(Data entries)
(* Let $Z=\{z_n\}_{n\in\mathbb{N}}$, $W=\{w_m\}_{m\in\mathbb{N}}$ be almost periodic divisors in a strip $S$. Then for any $\varepsilon>0$ and any substrip $S^0\subset S$ with $\operatorname{dist}(S^0,\partial S)>\varepsilon$, there is a relatively dense set $E\subset\mathbb{R}$ such that for every $\tau\in E$ there are bijections $\sigma_Z,\sigma_W:\mathbb{N}\to\mathbb{N}$ such that for all $z_j\in|Z|\cap S^0$ and all $w_r\in|W|\cap S^0$: $$|z_j+i\tau-z_{\sigma_Z(j)}|<\varepsilon,\quad |w_r+i\tau-w_{\sigma_W(r)}|<\varepsilon,$$ $$|z_j-i\tau-z_{\sigma_Z^{-1}(j)}|<\varepsilon,\quad |w_r-i\tau-w_{\sigma_W^{-1}(r)}|<\varepsilon.$$
   Context: A (vertical) strip is a set $\{z\in\mathbb{C}: a<\operatorname{Re} z<b\}$ with $-\infty\le a<b\le\infty$; a substrip of $S$ is a strip of this form contained in $S$. A divisor in $S$ is a sequence $\{z_j\}\subset S$ without limit points in $S$ (points may repeat finitely often, encoding multiplicity); $|Z|$ denotes its set of points. A set $E\subset\mathbb{R}$ is relatively dense if there is $L<\infty$ with $E\cap[\alpha,\alpha+L]\ne\emptyset$ for every $\alpha\in\mathbb{R}$. A divisor $Z=\{z_j\}$ in $S$ is almost periodic if for every $\varepsilon>0$ and every substrip $S^0$ with $\overline{S^0}\subset S$, the set of all $\tau\in\mathbb{R}$ for which there exists a bijection $\sigma:\mathbb{N}\to\mathbb{N}$ such that for every $j$, ($z_j\in S^0$ or $z_{\sigma(j)}\in S^0$) implies $|z_j+i\tau-z_{\sigma(j)}|<\varepsilon$, is relatively dense. *)

theory Defs
  imports "HOL-Analysis.Analysis" "HOL-Library.Extended_Real"
begin

definition strip :: "ereal \<Rightarrow> ereal \<Rightarrow> complex set" where
  "strip a b = {z. a < ereal (Re z) \<and> ereal (Re z) < b}"

text \<open>A divisor in S: a sequence of points of S without limit points in S
  (each point of S has a neighbourhood containing only finitely many terms,
  so points repeat only finitely often).\<close>
definition divisor_in :: "(nat \<Rightarrow> complex) \<Rightarrow> complex set \<Rightarrow> bool" where
  "divisor_in z S \<longleftrightarrow> (\<forall>j. z j \<in> S) \<and>
     (\<forall>w\<in>S. \<exists>r>0. finite {j. z j \<in> ball w r})"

Task statement: In the entries, find every line holding "complex" and copy it.

Solution:
definition strip :: "ereal \<Rightarrow> ereal \<Rightarrow> complex set" where
definition divisor_in :: "(nat \<Rightarrow> complex) \<Rightarrow> complex set \<Rightarrow> bool" where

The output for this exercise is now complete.